Because many modern edge models are
hybrid. MACs cover things SNNs don’t excel at (or that are simpler to drop in as-is):
- Conv/pointwise (1×1) / depthwise conv blocks
- Linear/projection layers (e.g., classifier heads, QKV in tiny attention)
- Normalisation / pooling / residual glue
- Pre/post-processing (e.g., short FIRs, feature projections)
- Direct reuse of existing INT4/INT8 CNN chunks without full SNN conversion
What a hybrid pipeline might look like in a helmet
Sensors
- Front/rear frame cameras → light MAC preproc (resize/1×1 conv).
- Event camera/radar/audio → feed SNN/TENNs directly.
- Perception
- SNN handles temporal/gesture/track (event streams).
- MAC handles small CNN blocks or projection heads.
- Fusion & decisions on the host MCU (e.g., Cortex-M85).
Bottom line
- The “128 MACs per node” doesn’t signal the end of Akida’s neuromorphic core. It signals a pragmatic hybrid: keep the spiking engine for temporal, sparse, event-driven strengths, and use local MACs to natively run conventional layers (conv/linear/norm) and reuse existing model chunks.
- That combo generally improves accuracy, eases porting, and lowers total latency/power versus forcing everything into SNN or everything into classic CNN on a separate chip.
Hi Bravo,
It's a pity Chatty didn't provide references and block diagrams for its hybrid SNN/MAC combo.
One thing that disinclines me from the hybrid is that Jonathan/Tony said something to the effect that "We're still honouring the spirit of Peter's invention."

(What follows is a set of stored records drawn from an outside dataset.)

text \<open>
  Where F goes up between a_i and a_(i+1), it keeps going up afterwards, and where it goes
  down, it went down before; so each of the two families of windows is disjoint.
\<close>

lemma sum_window_Y_le: "(\<Sum>i<k - 1. window_Y i c) \<le> 2 * card Y"
proof -
  define up where "up = {i \<in> {..<k - 1}. F (a i) \<le> F (a (Suc i))}"
  define down where "down = {i \<in> {..<k - 1}. \<not> F (a i) \<le> F (a (Suc i))}"
  have up_disjoint: "upper_Y i c \<le> lower_Y j c" if "i \<in> up" "j \<in> up" "i < j" for i j
  proof -
    have "F (a (Suc i)) \<le> F (a j)"
      using that strictly_convex_increasing_after[OF convex, of "a i" "a (Suc i)" "a j"]
        a_less[of i "Suc i"] a_less[of "Suc i" j]
      by (cases "Suc i = j") (auto simp: up_def)
    then show ?thesis using that by (auto simp: upper_Y_def lower_Y_def up_def)
  qed
  have down_disjoint: "upper_Y j c \<le> lower_Y i c" if "i \<in> down" "j \<in> down" "i < j" for i j
  proof -
    have "F (a j) \<le> F (a (Suc i))"
      using that strictly_convex_decreasing_before[OF convex, of "a (Suc i)" "a j" "a (Suc j)"]
        a_less[of "Suc i" j] a_less[of j "Suc j"]
      by (cases "Suc i = j") (auto simp: down_def)
    then show ?thesis using that by (auto simp: upper_Y_def lower_Y_def down_def)
  qed
  have "(\<Sum>i<k - 1. window_Y i c) = (\<Sum>i \<in> up. window_Y i c) + (\<Sum>i \<in> down. window_Y i c)"
    by (subst sum.union_disjoint[symmetric]) (auto simp: up_def down_def intro: sum.cong)
  also have "(\<Sum>i \<in> up. window_Y i c) \<le> card Y"
    unfolding window_Y_def
    by (rule sum_card_disjoint_intervals_le[OF finite_Y])
      (use up_disjoint in \<open>auto simp: up_def dest: linorder_neqE\<close>)
  also have "(\<Sum>i \<in> down. window_Y i c) \<le> card Y"
    unfolding window_Y_def
    by (rule sum_card_disjoint_intervals_le[OF finite_Y])
      (use down_disjoint in \<open>auto simp: down_def dest: linorder_neqE\<close>)
  finally show ?thesis by simp
qed

lemma card_dense_triples_le:
  "M * card (triples - sparse_triples M) \<le> (card X + 2 * card Y) * card B * card C"
proof -
  have "M * card (triples - sparse_triples M) = (\<Sum>(b, c, i) \<in> triples - sparse_triples M. M)"
    by simp
  also have "\<dots> \<le> (\<Sum>(b, c, i) \<in> triples - sparse_triples M. window_X i b + window_Y i c)"
    by (intro sum_mono) (auto simp: sparse_triples_def)
  also have "\<dots> \<le> (\<Sum>(b, c, i) \<in> triples. window_X i b + window_Y i c)"
    using finite_triples by (intro sum_mono2) auto
  also have "\<dots> = (\<Sum>b \<in> B. \<Sum>c \<in> C. (\<Sum>i<k - 1. window_X i b) + (\<Sum>i<k - 1. window_Y i c))"
    unfolding triples_def sum.cartesian_product[symmetric] by (simp add: sum.distrib)
  also have "\<dots> \<le> (\<Sum>b \<in> B. \<Sum>c \<in> C. card X + 2 * card Y)"
    by (intro sum_mono add_mono sum_window_X_le sum_window_Y_le)
  finally show ?thesis by (simp add: ac_simps)
qed

lemma eq_of_same_chord:
  assumes "Suc i < k" and "Suc j < k"
    and "a (Suc i) - a i = a (Suc j) - a j"
    and "F (a (Suc i)) - F (a i) = F (a (Suc j)) - F (a j)"
  shows "i = j"
  using strictly_convex_consecutive_slopes_less[where a = a and k = k, OF convex a_less, of i j]
    strictly_convex_consecutive_slopes_less[where a = a and k = k, OF convex a_less, of j i] assms
  by (cases i j rule: linorder_cases) auto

What follows is my inference, and there is probably not much in writing to support it ... and there is a (vanishingly small) possibility that I may be wrong.
The thing is that, once you move away from 1-bit, you're moving away from the original digital spike concept and you need additional circuitry to handle the multiple bits in parallel. As I've said, I'd like to believe that the old NPU was the optimal solution for single bits, which was the original Akida concept. It really is a remarkable invention.

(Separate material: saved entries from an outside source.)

definition bounded_pullback_absorbing ::
  "(real \<Rightarrow> 's \<Rightarrow> 's) \<Rightarrow> (real \<Rightarrow> 's \<Rightarrow> 'x::real_normed_vector \<Rightarrow> 'x) \<Rightarrow> ('s \<Rightarrow> 'x set) \<Rightarrow> bool" where
  "bounded_pullback_absorbing \<theta> \<phi> B \<longleftrightarrow> (\<forall>\<sigma>. bounded (B \<sigma>)) \<and>
     (\<forall>\<sigma> D. bounded D \<longrightarrow> (\<exists>T\<ge>0. \<forall>t\<ge>T. \<phi> t (\<theta> (-t) \<sigma>) ` D \<subseteq> B \<sigma>))"

definition nested_family :: "(real \<Rightarrow> 's \<Rightarrow> 's) \<Rightarrow> ('s \<Rightarrow> 'x set) \<Rightarrow> bool" where
  "nested_family \<theta> B \<longleftrightarrow> (\<forall>\<sigma> t. t \<ge> 0 \<longrightarrow> B (\<theta> (-t) \<sigma>) \<subseteq> B \<sigma>)"

definition Contr :: "'x set \<Rightarrow> ('x \<Rightarrow> 'x \<Rightarrow> real) set" where
  "Contr B = {\<psi>. \<forall>x::nat \<Rightarrow> 'x. (\<forall>n. x n \<in> B) \<longrightarrow>
     (\<exists>r L. strict_mono r \<and> (\<forall>k. (\<lambda>l. \<psi> (x (r k)) (x (r l))) \<longlonglongrightarrow> L k) \<and> L \<longlonglongrightarrow> 0)}"

definition pullback_asymptotically_compact ::
  "(real \<Rightarrow> 's \<Rightarrow> 's) \<Rightarrow> (real \<Rightarrow> 's \<Rightarrow> 'x::real_normed_vector \<Rightarrow> 'x) \<Rightarrow> bool" where
  "pullback_asymptotically_compact \<theta> \<phi> \<longleftrightarrow>
     (\<forall>\<sigma> (x::nat \<Rightarrow> 'x) (t::nat \<Rightarrow> real). bounded (range x) \<longrightarrow> (\<forall>n. t n \<ge> 0) \<longrightarrow>
        filterlim t at_top sequentially \<longrightarrow>
        compact (closure (range (\<lambda>n. \<phi> (t n) (\<theta> (- t n) \<sigma>) (x n)))))"

end

theory Submission
  imports Defs
begin

text \<open>
  Write \<open>y n = \<phi> (t n) (\<theta> (- t n) \<sigma>) (x n)\<close>. As \<open>X\<close> is complete, it suffices that the range
  of \<open>y\<close> is totally bounded, i.e. that for no \<open>\<epsilon> > 0\<close> does it contain an injective
  \<open>\<epsilon>\<close>-separated sequence. Given \<open>\<epsilon>\<close>, take \<open>T\<close> and \<open>\<psi> \<in> Contr (B \<sigma>)\<close> for \<open>\<epsilon>/2\<close>. The cocycle
  property factors \<open>y n = \<phi> T (\<theta> (-T) \<sigma>) (z n)\<close> with \<open>z n = \<phi> (t n - T) (\<theta> (- t n) \<sigma>) (x n)\<close>,
  and by absorption and nestedness \<open>z n \<in> B (\<theta> (-T) \<sigma>) \<subseteq> B \<sigma>\<close> for large \<open>n\<close>. Hence
  \<open>dist (y n) (y m) \<le> \<epsilon>/2 + \<psi> (z n) (z m)\<close>, and along any sequence of distinct terms of \<open>y\<close>
  the defining property of \<open>Contr\<close> yields two terms with \<open>\<psi> (z n) (z m) < \<epsilon>/2\<close>.
\<close>

lemma ex_separated_sequence:
  fixes S :: "'a::metric_space set"
  assumes not_covered: "\<And>K. finite K \<Longrightarrow> K \<subseteq> S \<Longrightarrow> \<not> S \<subseteq> (\<Union>x\<in>K. ball x e)"
  shows "\<exists>w :: nat \<Rightarrow> 'a. range w \<subseteq> S \<and> (\<forall>m n. m < n \<longrightarrow> e \<le> dist (w m) (w n))"
proof -
  let ?Q = "\<lambda>w n r. r \<in> S \<and> (\<forall>m < (n::nat). e \<le> dist (w m) r)"
  have "\<exists>w. \<forall>n. ?Q w n (w n)"
  proof (rule dependent_wellorder_choice)
    fix n and w :: "nat \<Rightarrow> 'a"
    assume "\<And>m. m < n \<Longrightarrow> ?Q w m (w m)"
    then have "\<not> S \<subseteq> (\<Union>x\<in>w ` {..<n}. ball x e)"
      using not_covered[of "w ` {..<n}"] by auto
    then obtain r where "r \<in> S" "\<And>m. m < n \<Longrightarrow> r \<notin> ball (w m) e"
      by blast
    then show "\<exists>r. ?Q w n r"
      by (auto simp: not_less)
  qed simp
  then obtain w where "\<And>n. ?Q w n (w n)"
    by blast
  then show ?thesis
    by (intro exI[of _ w]) auto
qed

lemma compact_closure_if_no_separated_sequence:
  fixes S :: "'a::complete_space set"
  assumes close_pair: "\<And>e (w :: nat \<Rightarrow> 'a). e > 0 \<Longrightarrow> inj w \<Longrightarrow> range w \<subseteq> S \<Longrightarrow>
      \<exists>m n. m < n \<and> dist (w m) (w n) < e"
  shows "compact (closure S)"
proof -
  have "Met_TC.mtotally_bounded S"
    unfolding Met_TC.mtotally_bounded_def mball_eq_ball
  proof (intro allI impI)
    fix e :: real
    assume "e > 0"
    show "\<exists>K. finite K \<and> K \<subseteq> S \<and> S \<subseteq> (\<Union>x\<in>K. ball x e)"
    proof (rule ccontr)
      assume "\<not> ?thesis"
      then have "\<And>K. finite K \<Longrightarrow> K \<subseteq> S \<Longrightarrow> \<not> S \<subseteq> (\<Union>x\<in>K. ball x e)"
        by meson
      then obtain w :: "nat \<Rightarrow> 'a" where w: "range w \<subseteq> S"
        and sep: "\<And>m n. m < n \<Longrightarrow> e \<le> dist (w m) (w n)"
        using ex_separated_sequence[of S e] by meson
      have "inj w"
      proof (rule injI, rule ccontr)
        fix m n
        assume "w m = w n" "m \<noteq> n"
        then consider "m < n" | "n < m"
          by linarith
        then show False
          using sep[of m n] sep[of n m] \<open>w m = w n\<close> \<open>e > 0\<close> by cases simp_all
      qed
      then obtain m n where "m < n" "dist (w m) (w n) < e"
        using close_pair[OF \<open>e > 0\<close> _ w] by blast
      then show False
        using sep[of m n] by linarith
    qed
  qed
  moreover have "Met_TC.mcomplete TYPE('a)"
    by (simp add: complete_UNIV)
  ultimately show ?thesis
    using Met_TC.mtotally_bounded_eq_compact_closure_of by force
qed

lemma Contr_ex_small_pair:
  fixes u :: "nat \<Rightarrow> 'a"
  assumes "\<psi> \<in> Contr A" and "\<And>n. u n \<in> A" and "e > 0"
  shows "\<exists>m n. m < n \<and> \<psi> (u m) (u n) < e"
proof -
  have "(\<forall>n. u n \<in> A) \<longrightarrow>
      (\<exists>r L. strict_mono r \<and> (\<forall>k. (\<lambda>l. \<psi> (u (r k)) (u (r l))) \<longlonglongrightarrow> L k) \<and> L \<longlonglongrightarrow> 0)"
    using assms(1) unfolding Contr_def by blast
  then obtain r L where "strict_mono r" and inner: "\<And>k. (\<lambda>l. \<psi> (u (r k)) (u (r l))) \<longlonglongrightarrow> L k"
    and "L \<longlonglongrightarrow> 0"
    using assms(2) by blast
  obtain k where "L k < e"
    using order_tendstoD(2)[OF \<open>L \<longlonglongrightarrow> 0\<close> \<open>e > 0\<close>] by (auto simp: eventually_sequentially)
  then have "\<forall>\<^sub>F l in sequentially. k < l \<and> \<psi> (u (r k)) (u (r l)) < e"
    using eventually_conj[OF eventually_gt_at_top order_tendstoD(2)[OF inner]] by blast
  then obtain l where "k < l" "\<psi> (u (r k)) (u (r l)) < e"
    using eventually_happens'[OF sequentially_bot] by blast
  then show ?thesis
    using strict_monoD[OF \<open>strict_mono r\<close> \<open>k < l\<close>] by blast
qed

When 4-bit was announced, I asked Peter if that would mean including MACs, and he said "No."
It was only after TENNs was announced that the references to MACs started. The applications for TENNs and the associated models has expanded rapidly. I think it was Tony who said that initially they couldn't implement recurrence (RNN) with TENNs, and this would have affected ML, so it would have made sense to keep the original NPU. Once they mastered recurrence with TENNs, the case for the original NPU gets weaker, and is further weakened by the fact that having a hybrid would increase the wafer real estate footprint per node.
The way I see it is that the requirement for multi-bit meant that the old NPU would need to be repeated in silicon to match the number of bits, and the outputs "blended" in MACs. A 4*4 MAC has about 12 rows and 8 columns of arithmetic cells (multiply or add) to accommodate the sub-products, the 8-bit product and the additions:
AN 8*8 MAC would need 4 times that number of cells.
This is the BRN patent application which introduced recurrence with TENNs:
US2025209313A1 METHOD AND SYSTEM FOR IMPLEMENTING ENCODER PROJECTION IN NEURAL NETWORKS 20231222
[0054] In some embodiments, the neural network may be configured to perform an encoder projection operation either in a buffer mode or in a recurrent mode. In some embodiments, the buffer mode operation is preferred during training and the recurrent mode operation is preferred during inference for generating processed content based on the input data stream or signal. The preferred operations in the buffer mode and the recurrent mode may be ascertained from the detailed operations of the buffer mode and the recurrent mode as described below with reference to FIGS. 4 to 14 .
The priority is December 2023, so there has been a lot of model development since then.
Now you've made me look at this patent, my head hurts!